About this task
For the entries below, report every line that includes the word "delta".

Provided data
*** Block opens ***
lemma sum_sq_endpoint_degrees_gt:
  assumes "finite E" "\<forall>e\<in>E. card e = 2"
    and "(\<Sum>e\<in>E. \<Sum>x\<in>e. real (degree E x)) = 4 * real (card E)"
    and "e0 \<in> E" "x0 \<in> e0" "degree E x0 \<noteq> 2"
  shows "(\<Sum>e\<in>E. \<Sum>x\<in>e. (real (degree E x))\<^sup>2) > 8 * real (card E)"
proof -
  let ?d = "\<lambda>x. real (degree E x)"
  have "(\<Sum>x\<in>e. (?d x - 2)\<^sup>2) = (\<Sum>x\<in>e. (?d x)\<^sup>2) - 4 * (\<Sum>x\<in>e. ?d x) + 8" if "e \<in> E" for e
    using bspec[OF assms(2) that] by (simp add: sum_edge_ends power2_eq_square algebra_simps)
  then have "(\<Sum>e\<in>E. \<Sum>x\<in>e. (?d x - 2)\<^sup>2)
      = (\<Sum>e\<in>E. \<Sum>x\<in>e. (?d x)\<^sup>2) - 4 * (\<Sum>e\<in>E. \<Sum>x\<in>e. ?d x) + 8 * real (card E)"
    by (simp add: sum.distrib sum_subtractf sum_distrib_left)
  also have "\<dots> = (\<Sum>e\<in>E. \<Sum>x\<in>e. (?d x)\<^sup>2) - 8 * real (card E)"
    using assms(3) by simp
  finally have sq: "(\<Sum>e\<in>E. \<Sum>x\<in>e. (?d x - 2)\<^sup>2) = (\<Sum>e\<in>E. \<Sum>x\<in>e. (?d x)\<^sup>2) - 8 * real (card E)" .
  have "finite e0" using bspec[OF assms(2,4)] by (simp add: card_ge_0_finite)
  then have "(\<Sum>x\<in>e0. (?d x - 2)\<^sup>2) > 0"
    using assms(5,6) by (intro sum_pos2[of e0 x0]) auto
  then have "(\<Sum>e\<in>E. \<Sum>x\<in>e. (?d x - 2)\<^sup>2) > 0"
    using assms(1,4) by (intro sum_pos2[of E e0]) (auto intro: sum_nonneg)
  then show ?thesis unfolding sq by simp
qed

lemma neutral_subdiv_E:
  assumes "s \<ge> 1" "\<forall>e\<in>E. card e = 2" "finite E" "E \<noteq> {}"
    and "(\<Sum>e\<in>E. \<Sum>x\<in>e. degree E x) = 4 * card E"
    and "e0 \<in> E" "x0 \<in> e0" "degree E x0 \<noteq> 2"
  shows "neutral (subdiv_E s E)"
proof -
  define m where "m = real (card E)"
  define Q where "Q = (\<Sum>e\<in>E. \<Sum>x\<in>e. (real (degree E x))\<^sup>2)"
  let ?S = "subdiv_E s E"
  let ?D = "\<lambda>x. real (degree ?S x)"
  have K: "(\<Sum>e\<in>E. \<Sum>x\<in>e. real (degree E x)) = 4 * m"
    unfolding m_def using arg_cong[OF assms(5), of real] by simp
  have "m > 0" unfolding m_def using assms(3,4) by (simp add: card_gt_0_iff)
  then have pos: "(real s + 1) * m > 0" "m \<noteq> 0" by simp_all
  have Q: "Q > 8 * m"
    unfolding Q_def m_def using sum_sq_endpoint_degrees_gt[OF assms(3,2) K[unfolded m_def] assms(6-8)] .
  have card: "real (card ?S) = (real s + 1) * m"
    unfolding m_def card_subdiv_E[OF assms(1,2)] by (simp add: algebra_simps)
  have "(\<Sum>f\<in>?S. (\<Sum>x\<in>f. ?D x) / 2) = 2 * ((real s + 1) * m)"
    using sum_sum_endpoint_degrees_subdiv_E[OF assms(1-3), of "\<lambda>x. x"] K
    by (simp add: sum_divide_distrib[symmetric] m_def algebra_simps)
  then have mean: "assort_mean ?S = 2"
    unfolding assort_mean_def card using pos by simp
  have "(\<Sum>f\<in>?S. \<Prod>x\<in>f. ?D x) = 4 * ((real s + 1) * m)"
    using sum_prod_endpoint_degrees_subdiv_E[OF assms(1-3)] K by (simp add: m_def algebra_simps)
  then have num: "assort_num ?S = 0"
    unfolding assort_num_def card mean using pos by simp
  have "(\<Sum>f\<in>?S. (\<Sum>x\<in>f. (?D x)\<^sup>2) / 2) = Q / 2 + 4 * real s * m"
    using sum_sum_endpoint_degrees_subdiv_E[OF assms(1-3), of "\<lambda>x. x\<^sup>2"]
    by (simp add: sum_divide_distrib[symmetric] Q_def m_def algebra_simps)
  then have den: "assort_den ?S = (Q - 8 * m) / (2 * ((real s + 1) * m))"
    unfolding assort_den_def card mean using pos by (simp add: field_simps)
  have "card ?S > 0" using card pos by (simp flip: of_nat_0_less_iff)
  then have "finite ?S" "card ?S \<ge> 1" by (simp_all add: card_ge_0_finite)
  then show ?thesis
    unfolding neutral_def assortativity_def num den using Q pos by simp
qed

theorem theorem1:
  fixes V :: "'a set" and E :: "'a set set" and s :: nat
  assumes "is_tree V E"
    and "card E \<ge> 1"
    and "(\<Sum>e\<in>E. \<Sum>x\<in>e. degree E x) = 4 * card E"
    and "s \<ge> 1"
  shows "neutral (subdiv_E s E)"
proof -
  have graph: "simple_graph V E" and acyclic: "\<nexists>cs. is_cycle E cs"
    using assms(1) unfolding is_tree_def by auto
  have "E \<noteq> {}" using assms(2) by auto
  then obtain e0 x0 where "e0 \<in> E" "x0 \<in> e0" "degree E x0 = 1"
    using acyclic_graph_has_leaf[OF graph acyclic] by blast
  moreover have "\<forall>e\<in>E. card e = 2" using card_edge_if_simple_graph[OF graph] by blast
  ultimately show ?thesis
    using neutral_subdiv_E[OF assms(4) _ finite_edges_if_simple_graph[OF graph] \<open>E \<noteq> {}\<close> assms(3)]
    by simp
qed

end
(* Let $\epsilon>0$, $p\in(0,1)$, $\delta\in(0,1)$, and let $\rho,\sigma$ be quantum states on a finite-dimensional Hilbert space $H_A$. Then \[ n^{\star}_{\mathrm B,\epsilon}(\rho,\sigma,p,\delta)\le\left(\frac{e^\epsilon+1}{e^\epsilon-1}\right)^2\frac{2\log(1/\delta)}{E_1(\rho\|\sigma)^2}, \qquad n^{\star}_{\mathrm B,\epsilon}\!\left(\rho,\sigma,p,\tfrac p4\right)\le\left(\frac{e^\epsilon+1}{e^\epsilon-1}\right)^2\frac{2\log(1/p)+2\log4}{E_1(\rho\|\sigma)^2}. \]
   Context: All Hilbert spaces are finite-dimensional, $\log$ is natural, $a/0=+\infty$ for $a>0$. $E_\gamma(\rho\|\sigma)=\mathrm{Tr}(\rho-\gamma\sigma)_+$; $E_1(\rho\|\sigma)=\frac12\|\rho-\sigma\|_1$. For $p\in(0,1)$, $p_e(\rho,\sigma,p):=p-pE_{(1-p)/p}(\rho\|\sigma)$ and $n^{\star}_{\mathrm B}(\rho,\sigma,p,\delta):=\inf\{n\in\mathbb N:p_e(\rho^{\otimes n},\sigma^{\otimes n},p)\le\delta\}$. A quantum channel $\mathcal A$ from operators on $H_A$ to operators on some finite-dimensional $H_B$ is in $\mathrm{LDP}_\epsilon$ if $E_{e^\epsilon}(\mathcal A(\rho)\|\mathcal A(\sigma))=0$ for all states $\rho,\sigma$ on $H_A$; $n^{\star}_{\mathrm B,\epsilon}(\rho,\sigma,p,\delta):=\inf_{\mathcal A\in\mathrm{LDP}_\epsilon}n^{\star}_{\mathrm B}(\mathcal A(\rho),\mathcal A(\sigma),p,\delta)$. *)

theory Defs
  imports "Jordan_Normal_Form.Schur_Decomposition" "HOL-Library.Extended_Real"
begin

text \<open>Operators on a d-dimensional Hilbert space C^d are d x d complex matrices.\<close>

definition mtrace :: "complex mat \<Rightarrow> complex" where
  "mtrace A = (\<Sum>i<dim_row A. A $$ (i, i))"

definition hermitian :: "complex mat \<Rightarrow> bool" where
  "hermitian A \<longleftrightarrow> A \<in> carrier_mat (dim_row A) (dim_row A) \<and> mat_adjoint A = A"

definition psd :: "complex mat \<Rightarrow> bool" where
  "psd A \<longleftrightarrow> hermitian A \<and>
     (\<forall>v \<in> carrier_vec (dim_row A). Re ((A *\<^sub>v v) \<bullet>c v) \<ge> 0)"

definition density :: "nat \<Rightarrow> complex mat \<Rightarrow> bool" where
  "density d \<rho> \<longleftrightarrow> \<rho> \<in> carrier_mat d d \<and> psd \<rho> \<and> mtrace \<rho> = 1"

definition unitary_mat :: "nat \<Rightarrow> complex mat \<Rightarrow> bool" where
  "unitary_mat n U \<longleftrightarrow> U \<in> carrier_mat n n \<and> mat_adjoint U * U = 1\<^sub>m n"

definition pos_part :: "complex mat \<Rightarrow> complex mat" where
  "pos_part X = (SOME P. \<exists>U D. unitary_mat (dim_row X) U \<and> D \<in> carrier_mat (dim_row X) (dim_row X)
      \<and> diagonal_mat D \<and> (\<forall>i < dim_row X. D $$ (i, i) \<in> \<real>)
      \<and> X = U * D * mat_adjoint U
      \<and> P = U * mat (dim_row X) (dim_row X)
               (\<lambda>(i, j). if i = j then complex_of_real (max 0 (Re (D $$ (i, i)))) else 0)
             * mat_adjoint U)"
*** Block closes ***
Response for this exercise
(* Let $\epsilon>0$, $p\in(0,1)$, $\delta\in(0,1)$, and let $\rho,\sigma$ be quantum states on a finite-dimensional Hilbert space $H_A$. Then \[ n^{\star}_{\mathrm B,\epsilon}(\rho,\sigma,p,\delta)\le\left(\frac{e^\epsilon+1}{e^\epsilon-1}\right)^2\frac{2\log(1/\delta)}{E_1(\rho\|\sigma)^2}, \qquad n^{\star}_{\mathrm B,\epsilon}\!\left(\rho,\sigma,p,\tfrac p4\right)\le\left(\frac{e^\epsilon+1}{e^\epsilon-1}\right)^2\frac{2\log(1/p)+2\log4}{E_1(\rho\|\sigma)^2}. \]
   Context: All Hilbert spaces are finite-dimensional, $\log$ is natural, $a/0=+\infty$ for $a>0$. $E_\gamma(\rho\|\sigma)=\mathrm{Tr}(\rho-\gamma\sigma)_+$; $E_1(\rho\|\sigma)=\frac12\|\rho-\sigma\|_1$. For $p\in(0,1)$, $p_e(\rho,\sigma,p):=p-pE_{(1-p)/p}(\rho\|\sigma)$ and $n^{\star}_{\mathrm B}(\rho,\sigma,p,\delta):=\inf\{n\in\mathbb N:p_e(\rho^{\otimes n},\sigma^{\otimes n},p)\le\delta\}$. A quantum channel $\mathcal A$ from operators on $H_A$ to operators on some finite-dimensional $H_B$ is in $\mathrm{LDP}_\epsilon$ if $E_{e^\epsilon}(\mathcal A(\rho)\|\mathcal A(\sigma))=0$ for all states $\rho,\sigma$ on $H_A$; $n^{\star}_{\mathrm B,\epsilon}(\rho,\sigma,p,\delta):=\inf_{\mathcal A\in\mathrm{LDP}_\epsilon}n^{\star}_{\mathrm B}(\mathcal A(\rho),\mathcal A(\sigma),p,\delta)$. *)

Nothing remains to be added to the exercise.